[<prev] [next>] [thread-next>] [day] [month] [year] [list]
Message-ID: <4BB3463A.2000801@openobjects.com>
Date: Wed, 31 Mar 2010 13:55:22 +0100
From: Stuart Shelton <stuart@...nobjects.com>
To: mchan@...adcom.com, netdev@...r.kernel.org
Subject: Severe regression in bnx2 driver with bonding in post 2.6.30 kernels
Hi all,
The Broadcom NetXtreme II driver appears to have a severe regression in
all kernels post 2.6.30 - I've observed problems with 2.6.31, 2.6.32.
and 2.6.33.
The hardware impacted is an IBM Bladecenter LS21 Blade, model 7971. We
have a large number of these, and all are affected.

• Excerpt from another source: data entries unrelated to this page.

(* Assume the standing assumptions and let $\bar u\in V$ be a local solution of \[ \min_{u\in V}\ F(u)+\frac\alpha2\|u\|_V^2+\beta\int_\Omega|u|^p\,dx , \] i.e. there is $\rho>0$ such that the objective at $\bar u$ is not larger than at any $u$ with $\|u-\bar u\|_V\le\rho$. Then there exists $\bar\lambda\in V^*$ such that \[ \alpha\langle\bar u,v\rangle_V+\beta\langle\bar\lambda,v\rangle_{V^*,V}=-F'(\bar u)v\quad\forall v\in V, \qquad \langle\bar\lambda,\bar u\rangle_{V^*,V}=p\int_\Omega|\bar u|^p\,dx . \]
   Context: Standing assumptions: $\Omega\subset\mathbb R^d$ bounded Lipschitz domain; $V$ real Hilbert space with inner product $\langle\cdot,\cdot\rangle_V$, $V\subset L^2(\Omega)$ with compact and dense embedding; $V^*$ dual with pairing $\langle\cdot,\cdot\rangle_{V^*,V}$. $F:V\to\mathbb R$ weakly lower semicontinuous, bounded below by an affine function ($F(u)\ge\langle g,u\rangle_{V^*,V}+c$ for some $g\in V^*$, $c\in\mathbb R$), and continuously Fréchet differentiable with derivative $F'(u)\in V^*$. $\alpha>0$, $\beta>0$, $p\in(0,1)$. *)

theory Defs
  imports "HOL-Analysis.Analysis"
begin

definition L2_fun :: "'a::euclidean_space set \<Rightarrow> ('a \<Rightarrow> real) \<Rightarrow> bool" where
  "L2_fun \<Omega> f \<longleftrightarrow> set_borel_measurable lebesgue \<Omega> f \<and>
     set_integrable lebesgue \<Omega> (\<lambda>x. (f x)^2)"

definition L2_dist :: "'a::euclidean_space set \<Rightarrow> ('a \<Rightarrow> real) \<Rightarrow> ('a \<Rightarrow> real) \<Rightarrow> real" where
  "L2_dist \<Omega> f g = sqrt (LINT x:\<Omega>|lebesgue. (f x - g x)^2)"

text \<open>Bounded Lipschitz domain: nonempty bounded open connected set whose boundary is
  locally the (strict) epigraph of a Lipschitz function over a hyperplane.\<close>
definition bounded_lipschitz_domain :: "'a::euclidean_space set \<Rightarrow> bool" where
  "bounded_lipschitz_domain \<Omega> \<longleftrightarrow> open \<Omega> \<and> connected \<Omega> \<and> \<Omega> \<noteq> {} \<and> bounded \<Omega> \<and>
     (\<forall>x0\<in>frontier \<Omega>. \<exists>r>0. \<exists>\<nu>::'a. norm \<nu> = 1 \<and>
        (\<exists>L (g::'a \<Rightarrow> real). L-lipschitz_on {y. y \<bullet> \<nu> = 0} g \<and>
           \<Omega> \<inter> ball x0 r = {x \<in> ball x0 r. g (x - (x \<bullet> \<nu>) *\<^sub>R \<nu>) < x \<bullet> \<nu>}))"

text \<open>J realises V as a subspace of L2(Omega) with compact and dense embedding
  (linearity and injectivity up to null sets, continuity, compactness, density).\<close>
definition compact_dense_embedding ::
  "'a::euclidean_space set \<Rightarrow> ('v::real_normed_vector \<Rightarrow> 'a \<Rightarrow> real) \<Rightarrow> bool" where
  "compact_dense_embedding \<Omega> J \<longleftrightarrow>
     (\<forall>u. L2_fun \<Omega> (J u)) \<and>
     (\<forall>u w. AE x in lebesgue. x \<in> \<Omega> \<longrightarrow> J (u + w) x = J u x + J w x) \<and>
     (\<forall>c u. AE x in lebesgue. x \<in> \<Omega> \<longrightarrow> J (c *\<^sub>R u) x = c * J u x) \<and>
     (\<forall>u. (AE x in lebesgue. x \<in> \<Omega> \<longrightarrow> J u x = 0) \<longrightarrow> u = 0) \<and>
     (\<exists>C. \<forall>u. L2_dist \<Omega> (J u) (\<lambda>_. 0) \<le> C * norm u) \<and>
     (\<forall>us::nat \<Rightarrow> 'v. bounded (range us) \<longrightarrow>
        (\<exists>r f. strict_mono r \<and> L2_fun \<Omega> f \<and> (\<lambda>n. L2_dist \<Omega> (J (us (r n))) f) \<longlonglongrightarrow> 0)) \<and>
     (\<forall>f \<epsilon>. L2_fun \<Omega> f \<and> \<epsilon> > 0 \<longrightarrow> (\<exists>u. L2_dist \<Omega> (J u) f < \<epsilon>))"

definition weakly_lsc :: "('v::real_normed_vector \<Rightarrow> real) \<Rightarrow> bool" where
  "weakly_lsc F \<longleftrightarrow> (\<forall>u us. (\<forall>l::'v \<Rightarrow> real. bounded_linear l \<longrightarrow> (\<lambda>n. l (us n)) \<longlonglongrightarrow> l u) \<longrightarrow>
      ereal (F u) \<le> liminf (\<lambda>n. ereal (F (us n))))"

end

theory Submission
  imports Defs
begin

text \<open>The stationarity equation determines the multiplier, so the content of the theorem is the
  complementarity relation. It comes from restricting the objective to the ray
  \<open>t \<mapsto> t \<cdot> ubar\<close>: the nonconvex term becomes \<open>\<beta> t\<^sup>p \<integral>|ubar|\<^sup>p\<close>, which is differentiable at
  \<open>t = 1\<close>, and the one-dimensional Fermat rule gives
  \<open>F'(ubar) ubar + \<alpha> \<parallel>ubar\<parallel>\<^sup>2 + \<beta> p \<integral>|ubar|\<^sup>p = 0\<close>.\<close>

lemma set_borel_measurable_abs_powr:
  fixes f :: "'a \<Rightarrow> real"
  assumes "set_borel_measurable M \<Omega> f"
  shows "set_borel_measurable M \<Omega> (\<lambda>x. \<bar>f x\<bar> powr p)"
proof -
  have "(\<lambda>x. \<bar>indicator \<Omega> x *\<^sub>R f x\<bar> powr p) \<in> borel_measurable M"
    using assms unfolding set_borel_measurable_def by (rule measurable_abs_powr)
  also have "(\<lambda>x. \<bar>indicator \<Omega> x *\<^sub>R f x\<bar> powr p) = (\<lambda>x. indicator \<Omega> x *\<^sub>R \<bar>f x\<bar> powr p)"
    by (auto simp: indicator_def)
  finally show ?thesis
    unfolding set_borel_measurable_def .
qed

lemma set_integral_abs_powr_scale:
  fixes f g :: "'a \<Rightarrow> real"
  assumes f: "set_borel_measurable M \<Omega> f" and g: "set_borel_measurable M \<Omega> g"
    and f_eq: "AE x in M. x \<in> \<Omega> \<longrightarrow> f x = t * g x"
  shows "(LINT x:\<Omega>|M. \<bar>f x\<bar> powr p) = \<bar>t\<bar> powr p * (LINT x:\<Omega>|M. \<bar>g x\<bar> powr p)"
proof -
  have "(LINT x:\<Omega>|M. \<bar>f x\<bar> powr p) = (LINT x:\<Omega>|M. \<bar>t\<bar> powr p * \<bar>g x\<bar> powr p)"
    unfolding set_lebesgue_integral_def
  proof (rule integral_cong_AE)
    show "(\<lambda>x. indicator \<Omega> x *\<^sub>R \<bar>f x\<bar> powr p) \<in> borel_measurable M"
      using set_borel_measurable_abs_powr[OF f] unfolding set_borel_measurable_def .
    show "(\<lambda>x. indicator \<Omega> x *\<^sub>R (\<bar>t\<bar> powr p * \<bar>g x\<bar> powr p)) \<in> borel_measurable M"
      using borel_measurable_times[OF borel_measurable_const set_borel_measurable_abs_powr[OF g,
          unfolded set_borel_measurable_def], of "\<bar>t\<bar> powr p" p]
      by (simp add: mult.left_commute)
    show "AE x in M. indicator \<Omega> x *\<^sub>R \<bar>f x\<bar> powr p = indicator \<Omega> x *\<^sub>R (\<bar>t\<bar> powr p * \<bar>g x\<bar> powr p)"
      using f_eq by eventually_elim (auto simp: indicator_def abs_mult powr_mult)
  qed
  also have "\<dots> = \<bar>t\<bar> powr p * (LINT x:\<Omega>|M. \<bar>g x\<bar> powr p)"
    by (rule set_integral_mult_right)
  finally show ?thesis .
qed

lemma compact_dense_embedding_integral_abs_powr_scaleR:
  assumes "compact_dense_embedding \<Omega> J"
  shows "(LINT x:\<Omega>|lebesgue. \<bar>J (t *\<^sub>R u) x\<bar> powr p)
    = \<bar>t\<bar> powr p * (LINT x:\<Omega>|lebesgue. \<bar>J u x\<bar> powr p)"
proof (rule set_integral_abs_powr_scale)
  have "\<forall>w. L2_fun \<Omega> (J w)" and "\<forall>c w. AE x in lebesgue. x \<in> \<Omega> \<longrightarrow> J (c *\<^sub>R w) x = c * J w x"
    using assms unfolding compact_dense_embedding_def by simp_all
  then show "set_borel_measurable lebesgue \<Omega> (J (t *\<^sub>R u))"
    and "set_borel_measurable lebesgue \<Omega> (J u)"
    and "AE x in lebesgue. x \<in> \<Omega> \<longrightarrow> J (t *\<^sub>R u) x = t * J u x"
    unfolding L2_fun_def by simp_all
qed

lemma has_real_derivative_along_ray:
  assumes "(F has_derivative blinfun_apply D) (at (t *\<^sub>R u))"
  shows "((\<lambda>s. F (s *\<^sub>R u)) has_real_derivative D u) (at t)"
proof -
  have "((\<lambda>s. s *\<^sub>R u) has_derivative (\<lambda>h. h *\<^sub>R u)) (at t)"
    by (auto intro!: derivative_eq_intros)
  from has_derivative_compose[OF this assms]
  have "((\<lambda>s. F (s *\<^sub>R u)) has_derivative (\<lambda>h. D (h *\<^sub>R u))) (at t)"
    by simp
  moreover have "(\<lambda>h. D (h *\<^sub>R u)) = (*) (D u)"
    by (simp add: fun_eq_iff blinfun.scaleR_right)
  ultimately show ?thesis
    unfolding has_field_derivative_def by simp
qed

lemma radial_derivative_eq_0_if_local_min:
  fixes G :: "'v::real_normed_vector \<Rightarrow> real"
  assumes \<rho>: "\<rho> > 0" and min: "\<forall>w. norm (w - u) \<le> \<rho> \<longrightarrow> G u \<le> G w"
    and deriv: "(g has_real_derivative D) (at 1)" and g: "\<forall>t>0. g t = G (t *\<^sub>R u)"
  shows "D = 0"
proof (rule DERIV_local_min[OF deriv])
  define d where "d = min 1 (\<rho> / (norm u + 1))"
  show "d > 0"
    using \<rho> by (simp add: d_def add_nonneg_pos)
  show "\<forall>t. \<bar>1 - t\<bar> < d \<longrightarrow> g 1 \<le> g t"
  proof (intro allI impI)
    fix t assume t: "\<bar>1 - t\<bar> < d"
    have "norm (t *\<^sub>R u - u) = \<bar>1 - t\<bar> * norm u"
      by (metis abs_minus_commute norm_scaleR scaleR_diff_left scaleR_one)
    also have "\<dots> \<le> \<rho> / (norm u + 1) * (norm u + 1)"
      using t by (intro mult_mono) (auto simp: d_def)
    also have "\<dots> = \<rho>"
      using norm_ge_zero[of u] by (simp del: norm_ge_zero)
    finally have "G u \<le> G (t *\<^sub>R u)"
      using min by blast
    moreover have "t > 0"
      using t by (auto simp: d_def abs_less_iff)
    ultimately show "g 1 \<le> g t"
      using g by simp
  qed
qed

lemma exists_blinfun_stationarity:
  fixes u :: "'v::real_inner" and L :: "'v \<Rightarrow>\<^sub>L real"
  assumes "\<beta> \<noteq> 0"
  shows "\<exists>lam::'v \<Rightarrow>\<^sub>L real. (\<forall>v. \<alpha> * inner u v + \<beta> * lam v = - L v)
    \<and> \<beta> * lam u = - L u - \<alpha> * (norm u)\<^sup>2"
proof -
  define lam where "lam = inverse \<beta> *\<^sub>R (- L - \<alpha> *\<^sub>R blinfun_inner_right u)"
  have "\<beta> * lam v = - L v - \<alpha> * inner u v" for v
    using assms unfolding lam_def by (simp add: blinfun.scaleR_left blinfun.diff_left blinfun.minus_left)
  then show ?thesis
    by (intro exI[of _ lam]) (auto simp: power2_norm_eq_inner algebra_simps)
qed

theorem theorem5p6:
  fixes \<Omega> :: "'a::euclidean_space set"
    and J :: "'v::{real_inner, complete_space} \<Rightarrow> 'a \<Rightarrow> real"
    and F :: "'v \<Rightarrow> real"
    and F' :: "'v \<Rightarrow> ('v \<Rightarrow>\<^sub>L real)"
    and \<alpha> \<beta> p :: real
    and ubar :: 'v
  assumes dom: "bounded_lipschitz_domain \<Omega>"
    and emb: "compact_dense_embedding \<Omega> J"
    and F_wlsc: "weakly_lsc F"
    and F_below: "\<exists>g c. bounded_linear g \<and> (\<forall>u. F u \<ge> g u + c)"
    and F_deriv: "\<forall>u. (F has_derivative blinfun_apply (F' u)) (at u)"
    and F'_cont: "continuous_on UNIV F'"
    and \<alpha>: "\<alpha> > 0" and \<beta>: "\<beta> > 0" and p: "0 < p" "p < 1"
    and loc: "\<exists>\<rho>>0. \<forall>u. norm (u - ubar) \<le> \<rho> \<longrightarrow>
        F ubar + \<alpha>/2 * (norm ubar)^2 + \<beta> * (LINT x:\<Omega>|lebesgue. \<bar>J ubar x\<bar> powr p)
        \<le> F u + \<alpha>/2 * (norm u)^2 + \<beta> * (LINT x:\<Omega>|lebesgue. \<bar>J u x\<bar> powr p)"
  shows "\<exists>lam::'v \<Rightarrow>\<^sub>L real.
           (\<forall>v. \<alpha> * inner ubar v + \<beta> * blinfun_apply lam v = - blinfun_apply (F' ubar) v) \<and>
           blinfun_apply lam ubar = p * (LINT x:\<Omega>|lebesgue. \<bar>J ubar x\<bar> powr p)"
proof -
  define I where "I = (LINT x:\<Omega>|lebesgue. \<bar>J ubar x\<bar> powr p)"
  define G where "G u = F u + \<alpha>/2 * (norm u)^2 + \<beta> * (LINT x:\<Omega>|lebesgue. \<bar>J u x\<bar> powr p)" for u
  define g where "g t = F (t *\<^sub>R ubar) + \<alpha>/2 * t\<^sup>2 * (norm ubar)^2 + \<beta> * (t powr p * I)" for t
  obtain \<rho> where \<rho>: "\<rho> > 0" "\<forall>u. norm (u - ubar) \<le> \<rho> \<longrightarrow> G ubar \<le> G u"
    using loc unfolding G_def by blast
  have "g t = G (t *\<^sub>R ubar)" if "t > 0" for t
    using that unfolding g_def G_def I_def
    by (simp add: compact_dense_embedding_integral_abs_powr_scaleR[OF emb] power_mult_distrib)
  moreover have "(g has_real_derivative F' ubar ubar + \<alpha> * (norm ubar)^2 + \<beta> * (p * I)) (at 1)"
    unfolding g_def using F_deriv
    by (auto intro!: derivative_eq_intros has_real_derivative_along_ray)
  ultimately have radial: "F' ubar ubar + \<alpha> * (norm ubar)^2 + \<beta> * (p * I) = 0"
    using radial_derivative_eq_0_if_local_min[OF \<rho>] by blast
  obtain lam :: "'v \<Rightarrow>\<^sub>L real" where
    "\<forall>v. \<alpha> * inner ubar v + \<beta> * lam v = - F' ubar v" and
    "\<beta> * lam ubar = - F' ubar ubar - \<alpha> * (norm ubar)\<^sup>2"
    using exists_blinfun_stationarity[of \<beta>] \<beta> by blast
  moreover from this(2) radial have "\<beta> * lam ubar = \<beta> * (p * I)"
    by linarith
  then have "lam ubar = p * I"
    using \<beta> by simp
  ultimately show ?thesis
    unfolding I_def by blast
qed

end
text \<open>With \<open>A\<close>, \<open>B\<close> the actions of \<open>\<rho>\<close> and \<open>\<rho>\<inverse>\<close>, \<open>\<sigma> p\<^sub>T = (\<sigma> B) (p\<^bsub>T'\<^esub> A)\<close> and
  \<open>A \<sigma> B = \<sigma>' e\<^bsub>T'\<^esub>\<close>; cyclicity of the trace does the rest.\<close>

lemma trace_perm_op_proj_op_transport:
  assumes d: "d \<in> objs m" and d': "d' \<in> objs m" and \<sigma>: "\<sigma> \<in> Sd m d" and \<sigma>': "\<sigma>' \<in> Sd m d'"
    and T: "T \<subseteq> elems m d" and T': "T' \<subseteq> elems m d'" and stable: "perm_elem \<sigma> ` T = T"
    and \<rho>: "bij_betw \<rho> T T'" and fst_\<rho>: "\<And>x. x \<in> T \<Longrightarrow> fst (\<rho> x) = fst x"
    and comm: "\<And>x. x \<in> T \<Longrightarrow> \<rho> (perm_elem \<sigma> x) = perm_elem \<sigma>' (\<rho> x)"
  shows "tr d (perm_op d \<sigma> \<circ> proj_op d T) = tr d' (perm_op d' \<sigma>' \<circ> proj_op d' T')"
proof -
  note mors = map_on_inv_into_mors[OF \<rho> T T' fst_\<rho>]
  define A where "A = F d d' (map_on T \<rho>)"
  define B where "B = F d' d (map_on T' (inv_into T \<rho>))"
  have A: "lin_map_on scale (V d) (V d') A" unfolding A_def by (rule lin_map_on_F[OF d d' mors(1)])
  have B: "lin_map_on scale (V d') (V d) B" unfolding B_def by (rule lin_map_on_F[OF d' d mors(2)])
  have "proj_op d T x = B (proj_op d' T' (A x))" if x: "x \<in> V d" for x
    using x proj_op_transport[OF d d' T T' \<rho> fst_\<rho>] unfolding A_def B_def by simp
  then have "tr d (perm_op d \<sigma> \<circ> proj_op d T) = tr d ((perm_op d \<sigma> \<circ> B) \<circ> (proj_op d' T' \<circ> A))"
    by (intro tr_cong[OF d]) simp
  also have "\<dots> = tr d' ((proj_op d' T' \<circ> A) \<circ> (perm_op d \<sigma> \<circ> B))"
    using lin_map_on_comp[OF B lin_map_on_perm_op[OF d \<sigma>]] lin_map_on_comp[OF A lin_map_on_proj_op[OF d' T']]
    by (rule tr_comp_commute[OF d d'])
  also have "\<dots> = tr d' (proj_op d' T' \<circ> (perm_op d' \<sigma>' \<circ> res_op d' T'))"
    using perm_op_transport[OF d d' \<sigma> \<sigma>' T T' stable \<rho> fst_\<rho> comm] unfolding A_def B_def
    by (intro tr_cong[OF d']) simp
  also have "\<dots> = tr d' ((perm_op d' \<sigma>' \<circ> res_op d' T') \<circ> proj_op d' T')"
    using lin_map_on_proj_op[OF d' T'] lin_map_on_comp[OF lin_map_on_res_op[OF d' T'] lin_map_on_perm_op[OF d' \<sigma>']]
    by (rule tr_comp_commute[OF d' d'])
  also have "\<dots> = tr d' (perm_op d' \<sigma>' \<circ> proj_op d' T')"
    using d' T' by (intro tr_cong[OF d']) (simp add: res_op_proj_op)
  finally show ?thesis .
qed
text \<open>Theoretical gradient descent u_X^(t); the conditional expectation E^(0) given
  (mu0, mustar, xi) is the integral over the law of the random matrix Xr (X independent of them).\<close>
primrec theo_gd :: "'w measure \<Rightarrow> ('w \<Rightarrow> real^'n^'m) \<Rightarrow> (real \<Rightarrow> real \<Rightarrow> real) \<Rightarrow> (real \<Rightarrow> real \<Rightarrow> real)
    \<Rightarrow> real^'n \<Rightarrow> real^'m \<Rightarrow> (nat \<Rightarrow> real) \<Rightarrow> real^'n \<Rightarrow> nat \<Rightarrow> real^'n" where
  "theo_gd M Xr L F mustar xi eta mu0 0 = mu0"
| "theo_gd M Xr L F mustar xi eta mu0 (Suc t) =
     theo_gd M Xr L F mustar xi eta mu0 t
     - (eta t / real CARD('m)) *\<^sub>R
         (\<integral>w. transpose (Xr w) *v Svec L F (Xr w) mustar xi (theo_gd M Xr L F mustar xi eta mu0 t) \<partial>M)"

definition Delta :: "'w measure \<Rightarrow> ('w \<Rightarrow> real^'n^'m) \<Rightarrow> (real \<Rightarrow> real \<Rightarrow> real) \<Rightarrow> (real \<Rightarrow> real \<Rightarrow> real)
    \<Rightarrow> real^'n \<Rightarrow> real^'m \<Rightarrow> (nat \<Rightarrow> real) \<Rightarrow> real^'n \<Rightarrow> 'w \<Rightarrow> nat \<Rightarrow> real^'n" where
  "Delta M Xr L F mustar xi eta mu0 w t =
    (let u = theo_gd M Xr L F mustar xi eta mu0 t in
     (1 / real CARD('m)) *\<^sub>R
       (\<Sum>i\<in>UNIV. frakS L F ((Xr w $ i) \<bullet> u) ((Xr w $ i) \<bullet> mustar) (xi $ i) *\<^sub>R (Xr w $ i)
          - (\<integral>w'. frakS L F ((Xr w' $ i) \<bullet> u) ((Xr w' $ i) \<bullet> mustar) (xi $ i) *\<^sub>R (Xr w' $ i) \<partial>M)))"

definition outer :: "real^'n \<Rightarrow> real^'n^'n" where
  "outer x = (\<chi> j k. x $ j * x $ k)"

text \<open>M_{u,v}(X): expectation over U ~ Unif[0,1] and pi_m ~ Unif{1..m}.\<close>
definition Mmat :: "(real \<Rightarrow> real \<Rightarrow> real) \<Rightarrow> (real \<Rightarrow> real \<Rightarrow> real) \<Rightarrow> real^'n^'m \<Rightarrow> real^'n \<Rightarrow> real^'m
    \<Rightarrow> real^'n \<Rightarrow> real^'n \<Rightarrow> real^'n^'n" where
  "Mmat L F X mustar xi u v =
    (1 / real CARD('m)) *\<^sub>R
      (\<Sum>i\<in>UNIV. integral {0..1::real}
         (\<lambda>U. dfrakS L F ((X $ i) \<bullet> (U *\<^sub>R u + (1 - U) *\<^sub>R v)) ((X $ i) \<bullet> mustar) (xi $ i) *\<^sub>R outer (X $ i)))"

definition frakM :: "(real \<Rightarrow> real \<Rightarrow> real) \<Rightarrow> (real \<Rightarrow> real \<Rightarrow> real) \<Rightarrow> real^'n^'m \<Rightarrow> real^'n \<Rightarrow> real^'m
    \<Rightarrow> (nat \<Rightarrow> real) \<Rightarrow> (nat \<Rightarrow> real^'n) \<Rightarrow> (nat \<Rightarrow> real^'n) \<Rightarrow> nat \<Rightarrow> real" where
  "frakM L F X mustar xi eta us vs t =
    1 + Max ((\<lambda>\<tau>. \<Sum>s\<in>{0..\<tau>}. \<Prod>r\<in>{s..\<tau>}.
               onorm (\<lambda>x. (mat 1 - eta r *\<^sub>R Mmat L F X mustar xi (us r) (vs r)) *v x)) ` {0..t})"

end

theory Submission
  imports Defs
begin

text \<open>The error e t = mu^(t) - u^(t) obeys the perturbed linear recursion
  e (t+1) = (I - eta_t M_t) e t - eta_t Delta^(t), with M_t = M_{mu^(t),u^(t)}(X) and e 0 = 0:
  by the mean value theorem in integral form, the difference of the empirical gradients at
  mu^(t) and u^(t) is M_t (mu^(t) - u^(t)), and what is left of the two gradient steps is the
  centred empirical gradient Delta^(t) at u^(t). Unrolling the recursion gives
  |e t| \<le> \<Sum>_{s<t} eta_s |Delta^(s)| \<Prod>_{s<r<t} |I - eta_r M_r|, which is bounded by the
  product of the three maxima. The bound holds for every realisation X separately; of the
  probabilistic hypotheses only the integrability of the expected gradients is needed.\<close>

lemma norm_linear_recursion_le:
  fixes e D :: "nat \<Rightarrow> 'a::real_normed_vector" and A :: "nat \<Rightarrow> 'a \<Rightarrow> 'a"
  assumes "e 0 = 0" and "\<And>t. e (Suc t) = A t (e t) - D t" and "\<And>t. bounded_linear (A t)"
  shows "norm (e t) \<le> (\<Sum>s<t. norm (D s) * (\<Prod>r\<in>{Suc s..<t}. onorm (A r)))"
proof (induction t)
  case 0
  then show ?case
    using assms(1) by simp
next
  case (Suc t)
  have "norm (e (Suc t)) \<le> onorm (A t) * norm (e t) + norm (D t)"
    unfolding assms(2) using onorm[OF assms(3)] norm_triangle_ineq4 order_trans add_right_mono by metis
  also have "\<dots> \<le> onorm (A t) * (\<Sum>s<t. norm (D s) * (\<Prod>r\<in>{Suc s..<t}. onorm (A r))) + norm (D t)"
    using Suc.IH onorm_pos_le[OF assms(3)] by (simp add: mult_left_mono)
  also have "\<dots> = (\<Sum>s<Suc t. norm (D s) * (\<Prod>r\<in>{Suc s..<Suc t}. onorm (A r)))"
    by (simp add: sum_distrib_left prod.atLeastLessThan_Suc algebra_simps)
  finally show ?case .
qed

lemma sum_prod_tail_le:
  fixes a :: "nat \<Rightarrow> real"
  assumes "\<And>r. 0 \<le> a r"
  shows "(\<Sum>s<Suc k. \<Prod>r\<in>{Suc s..<Suc k}. a r) \<le> 1 + Max ((\<lambda>\<tau>. \<Sum>s\<in>{0..\<tau>}. \<Prod>r\<in>{s..\<tau>}. a r) ` {0..k})"
proof -
  have "(\<Sum>s<Suc k. \<Prod>r\<in>{Suc s..<Suc k}. a r) = 1 + (\<Sum>s\<in>Suc ` {..<k}. \<Prod>r\<in>{s..k}. a r)"
    by (simp add: sum.reindex atLeastLessThanSuc_atLeastAtMost)
  also have "\<dots> \<le> 1 + (\<Sum>s\<in>{0..k}. \<Prod>r\<in>{s..k}. a r)"
    by (intro add_left_mono sum_mono2) (auto simp: prod_nonneg assms)
  also have "\<dots> \<le> 1 + Max ((\<lambda>\<tau>. \<Sum>s\<in>{0..\<tau>}. \<Prod>r\<in>{s..\<tau>}. a r) ` {0..k})"
    by (intro add_left_mono Max_ge) auto
  finally show ?thesis .
qed

lemma norm_perturbed_linear_recursion_le:
  fixes e D :: "nat \<Rightarrow> 'a::real_normed_vector" and A :: "nat \<Rightarrow> 'a \<Rightarrow> 'a" and eta :: "nat \<Rightarrow> real"
  assumes "e 0 = 0" and "\<And>t. e (Suc t) = A t (e t) - eta t *\<^sub>R D t"
    and "\<And>t. bounded_linear (A t)" and "\<And>s. 0 \<le> eta s" and "1 \<le> t"
  shows "norm (e t) \<le> Max (eta ` {0..<t})
      * (1 + Max ((\<lambda>\<tau>. \<Sum>s\<in>{0..\<tau>}. \<Prod>r\<in>{s..\<tau>}. onorm (A r)) ` {0..t - 1}))
      * Max ((\<lambda>s. norm (D (s - 1))) ` {1..t})"
proof -
  obtain k where t: "t = Suc k"
    using assms(5) by (cases t) auto
  define H where "H = Max (eta ` {0..<t})"
  define B where "B = Max ((\<lambda>s. norm (D (s - 1))) ` {1..t})"
  define P where "P s = (\<Prod>r\<in>{Suc s..<t}. onorm (A r))" for s
  have eta_le: "eta s \<le> H" if "s < t" for s
    unfolding H_def using that by (intro Max_ge) auto
  have D_le: "norm (D s) \<le> B" if "s < t" for s
  proof -
    have "norm (D (Suc s - 1)) \<le> B"
      unfolding B_def using that by (intro Max_ge imageI) auto
    then show ?thesis by simp
  qed
  have "0 \<le> H" and "0 \<le> B"
    using eta_le[of 0] D_le[of 0] assms(4)[of 0] norm_ge_zero[of "D 0"] t by linarith+
  have P_nonneg: "0 \<le> P s" for s
    unfolding P_def by (simp add: prod_nonneg onorm_pos_le assms(3))
  have "norm (e t) \<le> (\<Sum>s<t. norm (eta s *\<^sub>R D s) * P s)"
    unfolding P_def using assms(1-3) by (rule norm_linear_recursion_le)
  also have "\<dots> \<le> (\<Sum>s<t. H * B * P s)"
    using eta_le D_le assms(4) \<open>0 \<le> H\<close> P_nonneg
    by (intro sum_mono mult_right_mono) (auto intro: mult_mono)
  also have "\<dots> = H * B * (\<Sum>s<t. P s)"
    by (simp add: sum_distrib_left)
  also have "\<dots> \<le> H * B * (1 + Max ((\<lambda>\<tau>. \<Sum>s\<in>{0..\<tau>}. \<Prod>r\<in>{s..\<tau>}. onorm (A r)) ` {0..k}))"
    unfolding P_def t using \<open>0 \<le> H\<close> \<open>0 \<le> B\<close>
    by (intro mult_left_mono sum_prod_tail_le onorm_pos_le assms(3)) auto
  finally show ?thesis
    by (simp add: H_def B_def t algebra_simps)
qed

We use generic channel-bonding, with the following options in modprobe.conf:
alias bond0 bonding
options bond0 mode=0 miimon=100
With any kernel prior to 2.6.31, the dmesg output reads:
Broadcom NetXtreme II Gigabit Ethernet Driver bnx2 v2.0.1 (May 6, 2009)
alloc irq_desc for 17 on cpu 0 node 0
alloc kstat_irqs on cpu 0 node 0
bnx2 0000:02:04.0: PCI INT A -> GSI 17 (level, low) -> IRQ 17
bnx2 0000:02:04.0: firmware: requesting bnx2/bnx2-mips-06-4.6.16.fw
...
bnx2 0000:02:04.0: firmware: requesting bnx2/bnx2-rv2p-06-4.6.16.fw
eth0: Broadcom NetXtreme II BCM5706 1000Base-SX (A2) PCI-X 64-bit 133MHz
found at mem e2000000, IRQ 17, node addr 00:1a:64:bd:21:04
alloc irq_desc for 18 on cpu 0 node 0
alloc kstat_irqs on cpu 0 node 0
bnx2 0000:02:05.0: PCI INT A -> GSI 18 (level, low) -> IRQ 18
bnx2 0000:02:05.0: firmware: requesting bnx2/bnx2-mips-06-4.6.16.fw
bnx2 0000:02:05.0: firmware: requesting bnx2/bnx2-rv2p-06-4.6.16.fw
eth1: Broadcom NetXtreme II BCM5706 1000Base-SX (A2) PCI-X 64-bit 133MHz
found at mem e4000000, IRQ 18, node addr 00:1a:64:be:20:80
udev: renamed network interface eth1 to eg1
udev: renamed network interface eth0 to eg0
...
alloc irq_desc for 32 on cpu 0 node 0
alloc kstat_irqs on cpu 0 node 0
bnx2 0000:02:04.0: irq 32 for MSI/MSI-X
bnx2: eg0: using MSI
bnx2: eg0 NIC SerDes Link is Up, 1000 Mbps full duplex, receive &
transmit flow control ON
alloc irq_desc for 33 on cpu 0 node 0
alloc kstat_irqs on cpu 0 node 0
bnx2 0000:02:05.0: irq 33 for MSI/MSI-X
bnx2: eg1: using MSI
bnx2: eg1 NIC SerDes Link is Up, 1000 Mbps full duplex, receive &
transmit flow control ON
bnx2 0000:02:04.0: irq 32 for MSI/MSI-X
bnx2: eg0: using MSI
bonding: bond0: enslaving eg0 as an active interface with a down link.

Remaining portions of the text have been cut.